Monday, March 28, 2005

The Friend of My Enemy(Who is Also My Frenemy) Is An Effin' Weirdo

This blog didn't do a whole bunch of the NaderBash durring the campaign, largely because 3/5ths of RUFNKM put our money where our mouths were and did it in person in the presence of people that mattered. In fact, we spent a good deal of ArtScape 2004 instructing said people in the finer points of the art of "getting the eff away from me before you get hit with someone's shoe". Best response from Nader supporter: "Ok ok but...dude, he wants to legalize weed, man!"

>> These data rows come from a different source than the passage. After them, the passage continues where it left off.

definition cyclic_triomino_set :: "nat \<Rightarrow> (nat \<Rightarrow> pt3 set) \<Rightarrow> bool" where
  "cyclic_triomino_set n S \<longleftrightarrow>
     (\<forall>i\<in>{1..4}. S i \<subseteq> Zn3 n \<and> (\<forall>p k. p \<in> S i \<longrightarrow> shiftd n p k \<in> S i))"

definition uvec :: "nat \<Rightarrow> int \<times> int" where
  "uvec i = (if i mod 4 = 1 then (1,0) else if i mod 4 = 2 then (0,1)
             else if i mod 4 = 3 then (-1,0) else (0,-1))"

definition triomino_solvable :: "nat \<Rightarrow> (nat \<Rightarrow> pt3 set) \<Rightarrow> bool" where
  "triomino_solvable n S \<longleftrightarrow>
     (\<exists>T :: int \<times> int \<Rightarrow> int. (\<forall>s. 0 \<le> T s \<and> T s < int n) \<and>
        (\<forall>s. \<forall>i\<in>{1..4}. (T s, T (p2add s (uvec i)), T (p2add s (uvec (Suc i)))) \<in> S i))"

text \<open>Kbar j (j in {1..4}) lists the elements of a set of representatives of
  (Z_n^3 - S_j) modulo the diagonal, without repetition.\<close>
definition representatives :: "nat \<Rightarrow> (nat \<Rightarrow> pt3 set) \<Rightarrow> (nat \<Rightarrow> pt3 list) \<Rightarrow> bool" where
  "representatives n S Kbar \<longleftrightarrow>
     (\<forall>j\<in>{1..4}. distinct (Kbar j) \<and> set (Kbar j) \<subseteq> Zn3 n \<and>
        (\<forall>r1\<in>set (Kbar j). \<forall>r2\<in>set (Kbar j). \<forall>k1\<in>{0..<int n}. \<forall>k2\<in>{0..<int n}.
            shiftd n r1 k1 = shiftd n r2 k2 \<longrightarrow> r1 = r2 \<and> k1 = k2) \<and>
        {shiftd n r k | r k. r \<in> set (Kbar j) \<and> k \<in> {0..<int n}} = Zn3 n - S j)"

text \<open>The list (g(i),(a_i,b_i,c_i)), i = 1..m (stored at list position i-1).\<close>
definition enum_reps :: "(nat \<Rightarrow> pt3 list) \<Rightarrow> (nat \<times> pt3) list" where
  "enum_reps Kbar = concat (map (\<lambda>j. map (\<lambda>t. (j, t)) (Kbar j)) [1,2,3,4])"

definition alpha :: "nat \<Rightarrow> int set" where "alpha i = (if i = 0 then {} else {0,5})"
definition beta :: "nat \<Rightarrow> int set" where "beta i = (if i = 0 then {1,4} else {})"
definition gamma :: "nat \<Rightarrow> int set" where "gamma i = (if i = 0 then {} else {2,3})"
definition delta :: "nat \<Rightarrow> nat" where "delta i = (if i = 0 then 1 else 0)"

definition blockT :: "(nat \<Rightarrow> int set) \<Rightarrow> nat \<Rightarrow> int set" where
  "blockT X n = (\<Union>i\<in>{0..<n}. (\<lambda>x. int n * x + 6 * int i) ` X (delta i))"

definition Osq :: "(int \<times> int) set" where
  "Osq = ({-1,0,1} \<times> {-1,0,1}) - {(0,0)}"

definition prism :: "int set \<Rightarrow> pt3 \<Rightarrow> pt3 set" where
  "prism A v = {padd (p, q, r) v | p q r. (p,q) \<in> Osq \<and> r \<in> A}"

definition filler :: "nat \<Rightarrow> pt3 set" where
  "filler n = prism {0, int n} (0,0,0)"

definition empty_brick :: "nat \<Rightarrow> nat \<Rightarrow> pt3 set" where
  "empty_brick n m =
     ({0..3 * int m + 1} \<times> {0..4} \<times> {0..6 * int n - 1})
     - (\<Union>i\<in>{0..<m}. prism {0..6 * int n - 1} (3 * int i + 2, 2, 0))"

definition Tset :: "nat \<Rightarrow> nat \<Rightarrow> nat \<Rightarrow> nat \<Rightarrow> int \<Rightarrow> pt3 set" where
  "Tset n m t i j =
     (if t = 0 then prism (blockT alpha n) (3 * int i - 1, 2, -6 * j)
      else if t = 1 \<or> t = 5 then prism (blockT beta n) (3 * int i - 3 * int m - 3, 2, -6 * j)
      else if t = 2 then prism (blockT gamma n) (3 * int i - 1, -3, -6 * j)
      else if t = 3 then prism (blockT beta n) (3 * int i + 3 * int m + 1, 2, -6 * j)
      else prism (blockT gamma n) (3 * int i - 1, 7, -6 * j))"

definition brick :: "nat \<Rightarrow> (nat \<times> pt3) list \<Rightarrow> pt3 set" where
  "brick n L =
     (let m = length L in
      empty_brick n m \<union>
      (\<Union>i\<in>{1..m}. (case L ! (i - 1) of (g, (a, b, c)) \<Rightarrow>
          Tset n m 0 i a \<union> Tset n m g i b \<union> Tset n m (g + 1) i c)))"

end

theory Submission
  imports Defs
begin

text \<open>
  Label each lattice column s by the height of its brick, divided by 6 and reduced mod n.
  Every column carries a brick. Otherwise a filler covers the centre of its first tube;
  the centre of that filler lies on the ring of the tube and is covered by a brick, and
  bricks cover a tube ring at a given height completely or not at all, so that brick
  collides with the filler. Bricks in one column agree mod 6n, so the labels are well
  defined. If the labels around s formed a forbidden triple, the blockers that the three
  bricks around s put into the corresponding tube would be in phase. Then the ring cell
  just above the tube centre is free at relative height n (no blocker height is n mod 6n,
  as n is odd) but covered at heights 0 (by \<alpha>) and 2n (by \<gamma>). As the tube centre
  and the wall behind the free cell are solid, a filler covering it is centred on the
  tube, and its second layer hits one of these two blockers.
\<close>

lemma padd_simp [simp]: "padd (a, b, c) (x, y, z) = (a + x, b + y, c + z)"
  by (simp add: padd_def)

But now, via Phyrangula we learn that the appropriate time has arrived(Cooper has a bit more, but in regards to Randall Terry, the third wheel on this tricycle of tryin' my effin' patience). Nader has gone and thrown his dog into the Schiavo fight. This in and of itself isn't a reason to go after Ralph specifically;see this post by eebmore. But no, he's gone and joined forces with the Discovery Institute. ARE YOU EFFIN' KIDDING ME?

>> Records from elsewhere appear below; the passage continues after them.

(* In the setting below, for every $1\le k\le n$ and every $1\le t\le mn+1$, almost surely $$b(k,t)\le c(k,t)\quad\text{or}\quad \sum_{i=1}^{mn}y_i>Y.$$
   Context: Setting: $m,n$ are positive integers with $n\ge 1200\sqrt m$. A deck of $mn$ cards with $m$ copies of each label $1,\dots,n$ is shuffled uniformly at random. A fixed guessing strategy is used: in round $t=1,\dots,mn$ the Guesser guesses $g_t\in\{1,\dots,n\}$, a function (possibly randomized independently of the deck) of $y_1,\dots,y_{t-1}$, where $y_t\in\{0,1\}$ is the indicator that the $t$-th card has label $g_t$. For a vector $v$, $v_{\le t}:=(v_1,\dots,v_t)$. For $1\le k\le n$, $1\le t\le mn+1$: $a(k,t):=|\{1\le i<t: g_i=k\}|$ and $b(k,t):=|\{1\le i<t: g_i=k,\ y_i=1\}|$ (so $b(k,t)\le m$). It is known that, whenever $a(g_t,t)<mn-\sum_{i=1}^{t-1}y_i$, $$\mathbb{E}(y_t\mid g_{\le t},y_{\le t-1})\le \frac{m-b(g_t,t)}{mn-a(g_t,t)-\sum_{i=1}^{t-1}y_i}.$$ Let $Y:=\lfloor \tfrac16\sqrt m\, n\rfloor$. Let $(z_1,\dots,z_{mn})\in\{0,1\}^{mn}$ be a random vector (on an extension of the probability space), with $c(k,t):=|\{1\le i<t: g_i=k,\ z_i=1\}|$, satisfying almost surely: (a) for all $k,t$: $m-\max\{mn-a(k,t)-Y,0\}\le c(k,t)\le m$; (b) for each $t$, conditioned on $g_{\le t},y_{\le t}$, the coordinates of $z_{\le t}$ are mutually independent and independent from $g_{\le mn},y_{\le mn}$; (c) for each $t$, if $a(g_t,t)<mn-Y$ then $\mathbb{E}(z_t\mid g_{\le t},z_{\le t-1})=\frac{m-c(g_t,t)}{mn-a(g_t,t)-Y}$; (d) for each $t$, if $\mathbb{E}(y_t\mid g_{\le t},y_{\le t-1})\le\mathbb{E}(z_t\mid g_{\le t},z_{\le t-1})$ then $y_t\le z_t$. (Such a vector exists.) *)

theory Defs
  imports "HOL-Probability.Probability" "HOL-Library.Multiset"
begin

text \<open>Arrangements of a deck of m*n cards with m copies of each label 1..n
  (the t-th card, t = 1..m*n, is the list entry at index t - 1).\<close>
definition decks :: "nat \<Rightarrow> nat \<Rightarrow> nat list set" where
  "decks m n = {xs. length xs = m * n \<and> (\<forall>k\<in>{1..n}. count (mset xs) k = m)}"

In what can suitably be called an "Only In America" moment, an outrageous spectacle over a tragic, but mostly private, issue has managed to draw some ideological lines in the sand and allowed for a clean seperation between the sane, the cynical, and the unhinged. And what's this? Ralph Nader is firmly in the unhinged camp. Sure, Wesley J. Smith is an old pal of his. But Mr. Smith is also a senior fellow at the Discovery Institute, an organization bent on trumping science with ideology. At first I thought it was a strange confluence that they'd even turn up on the scene, but it actually makes sense. The only verifiable evidence in any of this mess, aside from the obvious desire of Congress to make a collective ass of itself, is that Terry Schiavo is a vegetable. So of course the Discovery Institute would get on the other side of the evidence. And because his entire career is based on going out on what are increasingly ill-considered limbs, Nader adds his voice to the cacophony not in aid of any light, but to generate more heat. What I want to know is this: when is he going to just get up behind a megaphone and announce, election or no election, that he's legalized weed?

A final aside: What's with the revolutionary fervor of the "Save Terry" folks? You'd think the Supreme Court had just stolen their votes or something. I have one request of them. Get over it! For the good of the country! I beg you! Look into your hearts and heal this nation!